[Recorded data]
^^^^^^^^
lemma measurable_path_exp:
  assumes "\<And>l. w l \<in> borel_measurable J" "\<And>c. T c \<in> borel_measurable J"
  shows "(\<lambda>x. path_exp q J w T m k c x) \<in> borel_measurable J"
  using assms
proof (induction m arbitrary: k c)
  case 0
  then show ?case by simp
next
  case (Suc m)
  show ?case
    unfolding path_exp.simps
    by (intro borel_measurable_sum borel_measurable_times_ennreal) (use Suc in \<open>auto intro!: borel_measurable_times_ennreal\<close>)
qed

lemma measurable_weighted_path_exp:
  assumes "\<And>l. w l \<in> borel_measurable J" "\<And>c. T c \<in> borel_measurable J"
  shows "(\<lambda>x. w l x * path_exp q J w T m k c x) \<in> borel_measurable J"
  by (intro borel_measurable_times_ennreal assms measurable_path_exp)

lemma path_exp_add_steps:
  "path_exp q J w T (m1 + m2) k c x = path_exp q J w (path_exp q J w T m2 (k + m1)) m1 k c x"
proof (induction m1 arbitrary: k c x)
  case (Suc m1)
  have "\<And>c x. path_exp q J w T (m1 + m2) (Suc k) c x
      = path_exp q J w (path_exp q J w T m2 (Suc (k + m1))) m1 (Suc k) c x"
    using Suc.IH[of "Suc k"] by simp
  then show ?case by (simp only: path_exp.simps add_Suc add_Suc_right)
qed simp

lemma path_exp_cong_terminal:
  "c \<le> k \<Longrightarrow> (\<And>c x. c \<le> k + m \<Longrightarrow> T c x = T' c x) \<Longrightarrow> path_exp q J w T m k c x = path_exp q J w T' m k c x"
proof (induction m arbitrary: k c x)
  case (Suc m)
  have "\<And>c' x. c' \<in> {c, Suc k} \<Longrightarrow> path_exp q J w T m (Suc k) c' x = path_exp q J w T' m (Suc k) c' x"
    using Suc by (intro Suc.IH) auto
  then show ?case by (simp only: path_exp.simps) (intro sum.cong refl, simp only:)
qed simp

lemma path_exp_cong_weight:
  "(\<And>l. k < l \<Longrightarrow> l \<le> k + m \<Longrightarrow> w l = w' l) \<Longrightarrow> path_exp q J w T m k c x = path_exp q J w' T m k c x"
proof (induction m arbitrary: k c x)
  case (Suc m)
  have "\<And>c x. path_exp q J w T m (Suc k) c x = path_exp q J w' T m (Suc k) c x"
    using Suc by (intro Suc.IH) auto
  moreover have "w (Suc k) = w' (Suc k)" using Suc.prems by auto
  ultimately show ?case by (simp only: path_exp.simps)
qed simp

lemma path_exp_mono_terminal:
  "c \<le> k \<Longrightarrow> (\<And>c x. c \<le> k + m \<Longrightarrow> T c x \<le> T' c x) \<Longrightarrow> path_exp q J w T m k c x \<le> path_exp q J w T' m k c x"
proof (induction m arbitrary: k c x)
  case (Suc m)
  have "\<And>c' x. c' \<in> {c, Suc k} \<Longrightarrow> path_exp q J w T m (Suc k) c' x \<le> path_exp q J w T' m (Suc k) c' x"
    using Suc by (intro Suc.IH) auto
  then show ?case
    by (simp only: path_exp.simps) (intro sum_mono mult_left_mono, auto intro!: mult_left_mono nn_integral_mono)
qed simp

lemma path_exp_cmult:
  assumes w: "\<And>l. w l \<in> borel_measurable J" and T: "\<And>c. T c \<in> borel_measurable J"
  shows "path_exp q J w (\<lambda>c x. K * T c x) m k c x = K * path_exp q J w T m k c x"
proof (induction m arbitrary: k c x)
  case (Suc m)
  have "\<And>c. (\<integral>\<^sup>+ x. w (Suc k) x * (K * path_exp q J w T m (Suc k) c x) \<partial>J)
      = K * (\<integral>\<^sup>+ x. w (Suc k) x * path_exp q J w T m (Suc k) c x \<partial>J)"
    by (subst nn_integral_cmult[symmetric]) (auto intro!: measurable_weighted_path_exp w T simp: mult_ac)
  then show ?case
    by (simp only: path_exp.simps Suc.IH) (auto simp: sum_distrib_left mult_ac intro!: sum.cong)
qed simp

lemma path_exp_add:
  assumes w: "\<And>l. w l \<in> borel_measurable J"
    and T: "\<And>c. T c \<in> borel_measurable J" "\<And>c. T' c \<in> borel_measurable J"
  shows "path_exp q J w (\<lambda>c x. T c x + T' c x) m k c x = path_exp q J w T m k c x + path_exp q J w T' m k c x"
proof (induction m arbitrary: k c x)
  case (Suc m)
  have "\<And>c. (\<integral>\<^sup>+ x. w (Suc k) x * (path_exp q J w T m (Suc k) c x + path_exp q J w T' m (Suc k) c x) \<partial>J)
      = (\<integral>\<^sup>+ x. w (Suc k) x * path_exp q J w T m (Suc k) c x \<partial>J)
        + (\<integral>\<^sup>+ x. w (Suc k) x * path_exp q J w T' m (Suc k) c x \<partial>J)"
    unfolding distrib_left by (rule nn_integral_add) (auto intro!: measurable_weighted_path_exp w T)
  then show ?case
    by (simp only: path_exp.simps Suc.IH) (auto simp: sum.distrib[symmetric] distrib_left intro!: sum.cong)
qed simp

lemma path_exp_sum:
  assumes w: "\<And>l. w l \<in> borel_measurable J"
    and T: "\<And>i c. i \<in> I \<Longrightarrow> T i c \<in> borel_measurable J" and "finite I"
  shows "path_exp q J w (\<lambda>c x. \<Sum>i\<in>I. T i c x) m k c x = (\<Sum>i\<in>I. path_exp q J w (T i) m k c x)"
  using \<open>finite I\<close> T
proof (induction I rule: finite_induct)
  case empty
  show ?case by (induction m arbitrary: k c x) simp_all
next
  case (insert i I)
  then show ?case by (simp add: path_exp_add[OF w])
qed

lemma path_exp_eq_0_if_unweighted_eq_0:
  assumes w: "\<And>l. w l \<in> borel_measurable J" and T: "\<And>c. T c \<in> borel_measurable J"
  shows "path_exp q J (\<lambda>l x. 1) T m k c x = 0 \<Longrightarrow> path_exp q J w T m k c x = 0"
proof (induction m arbitrary: k c x)
  case 0
  then show ?case by simp
next
  case (Suc m)
  have "ennreal (tprob q (Suc k) c c') *
        (if c' = Suc k \<or> k = 0 then (\<integral>\<^sup>+ x. w (Suc k) x * path_exp q J w T m (Suc k) c' x \<partial>J)
         else w (Suc k) x * path_exp q J w T m (Suc k) c' x) = 0"
    if c': "c' \<in> {c, Suc k}" for c'
  proof -
    have "ennreal (tprob q (Suc k) c c') *
        (if c' = Suc k \<or> k = 0 then (\<integral>\<^sup>+ x. 1 * path_exp q J (\<lambda>l x. 1) T m (Suc k) c' x \<partial>J)
         else 1 * path_exp q J (\<lambda>l x. 1) T m (Suc k) c' x) = 0"
      using Suc.prems c' unfolding path_exp.simps by (subst (asm) sum_eq_0_iff) auto
    then consider "ennreal (tprob q (Suc k) c c') = 0"
      | "c' = Suc k \<or> k = 0" "(\<integral>\<^sup>+ x. path_exp q J (\<lambda>l x. 1) T m (Suc k) c' x \<partial>J) = 0"
      | "\<not> (c' = Suc k \<or> k = 0)" "path_exp q J (\<lambda>l x. 1) T m (Suc k) c' x = 0"
      by (auto split: if_splits)
    then show ?thesis
    proof cases
      case 2
      then have "AE x in J. path_exp q J (\<lambda>l x. 1) T m (Suc k) c' x = 0"
        by (subst (asm) nn_integral_0_iff_AE) (auto intro: measurable_path_exp T)
      then have "AE x in J. w (Suc k) x * path_exp q J w T m (Suc k) c' x = 0"
        by eventually_elim (simp add: Suc.IH)
      then have "(\<integral>\<^sup>+ x. w (Suc k) x * path_exp q J w T m (Suc k) c' x \<partial>J) = 0"
        by (subst nn_integral_0_iff_AE) (auto intro: measurable_weighted_path_exp w T)
      then show ?thesis using 2 by simp
    qed (auto simp: Suc.IH)
  qed
  then show ?case unfolding path_exp.simps by (intro sum.neutral) auto
qed

lemma path_exp_unit:
  assumes "prob_space J" and "\<And>j l. j < l \<Longrightarrow> l \<le> k + m \<Longrightarrow> 0 \<le> q j l \<and> q j l \<le> 1" and "c \<le> k"
  shows "path_exp q J (\<lambda>l x. 1) (\<lambda>c x. 1) m k c x = 1"
  using assms(2,3)
proof (induction m arbitrary: k c x)
  case 0
  then show ?case by simp
next
  case (Suc m)
  have IH: "path_exp q J (\<lambda>l x. 1) (\<lambda>c x. 1) m (Suc k) c' = (\<lambda>x. 1)" if "c' \<in> {c, Suc k}" for c'
    using Suc.prems that by (intro ext Suc.IH) auto
  have "path_exp q J (\<lambda>l x. 1) (\<lambda>c x. 1) (Suc m) k c x = (\<Sum>c'\<in>{c, Suc k}. ennreal (tprob q (Suc k) c c'))"
    using IH prob_space.emeasure_space_1[OF assms(1)] by (auto intro!: sum.cong)
  also have "\<dots> = ennreal (q c (Suc k)) + ennreal (1 - q c (Suc k))"
    using Suc.prems(2) by (simp add: tprob_def)
  also have "\<dots> = 1"
    using Suc.prems(1)[of c "Suc k"] Suc.prems(2) by (subst ennreal_plus[symmetric]) auto
  finally show ?case .
qed

lemma path_exp_indicator_left:
  "j \<le> k \<Longrightarrow> c \<noteq> j \<Longrightarrow> path_exp q J w (\<lambda>c x. indicator {j} c) m k c x = 0"
proof (induction m arbitrary: k c x)
  case (Suc m)
  then have "\<And>c' x. c' \<in> {c, Suc k} \<Longrightarrow> path_exp q J w (\<lambda>c x. indicator {j} c) m (Suc k) c' x = 0"
    by (intro Suc.IH) auto
  then show ?case by (subst path_exp.simps) (intro sum.neutral, auto)
qed simp

lemma path_exp_indicator_current:
  "j \<le> k \<Longrightarrow> 1 \<le> k \<Longrightarrow>
   path_exp q J w (\<lambda>c x. indicator {j} c) m k j x = (\<Prod>l\<in>{Suc k..k + m}. ennreal (q j l) * w l x)"
proof (induction m arbitrary: k x)
  case (Suc m)
  have "path_exp q J w (\<lambda>c x. indicator {j} c) m (Suc k) (Suc k) x' = 0" for x'
    using Suc.prems by (intro path_exp_indicator_left) auto
  then have "path_exp q J w (\<lambda>c x. indicator {j} c) (Suc m) k j x
     = ennreal (q j (Suc k)) * (w (Suc k) x * (\<Prod>l\<in>{Suc (Suc k)..Suc k + m}. ennreal (q j l) * w l x))"
    using Suc by (simp add: tprob_def)
  also have "\<dots> = (\<Prod>l\<in>{Suc k..k + Suc m}. ennreal (q j l) * w l x)"
    by (subst prod.atLeast_Suc_atMost) (auto simp: mult_ac)
  finally show ?case .
qed simp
^^^^^^^^
▶ _Work item_
What you return must be the lines above that run from the line with "by eventually_elim (simp add: Suc.IH)" to the line with "using Suc.prems(2) by", inclusive, each copied exactly.

▶ _Exercise response_
        by eventually_elim (simp add: Suc.IH)
      then have "(\<integral>\<^sup>+ x. w (Suc k) x * path_exp q J w T m (Suc k) c' x \<partial>J) = 0"
        by (subst nn_integral_0_iff_AE) (auto intro: measurable_weighted_path_exp w T)
      then show ?thesis using 2 by simp
    qed (auto simp: Suc.IH)
  qed
  then show ?case unfolding path_exp.simps by (intro sum.neutral) auto
qed

lemma path_exp_unit:
  assumes "prob_space J" and "\<And>j l. j < l \<Longrightarrow> l \<le> k + m \<Longrightarrow> 0 \<le> q j l \<and> q j l \<le> 1" and "c \<le> k"
  shows "path_exp q J (\<lambda>l x. 1) (\<lambda>c x. 1) m k c x = 1"
  using assms(2,3)
proof (induction m arbitrary: k c x)
  case 0
  then show ?case by simp
next
  case (Suc m)
  have IH: "path_exp q J (\<lambda>l x. 1) (\<lambda>c x. 1) m (Suc k) c' = (\<lambda>x. 1)" if "c' \<in> {c, Suc k}" for c'
    using Suc.prems that by (intro ext Suc.IH) auto
  have "path_exp q J (\<lambda>l x. 1) (\<lambda>c x. 1) (Suc m) k c x = (\<Sum>c'\<in>{c, Suc k}. ennreal (tprob q (Suc k) c c'))"
    using IH prob_space.emeasure_space_1[OF assms(1)] by (auto intro!: sum.cong)
  also have "\<dots> = ennreal (q c (Suc k)) + ennreal (1 - q c (Suc k))"
    using Suc.prems(2) by (simp add: tprob_def)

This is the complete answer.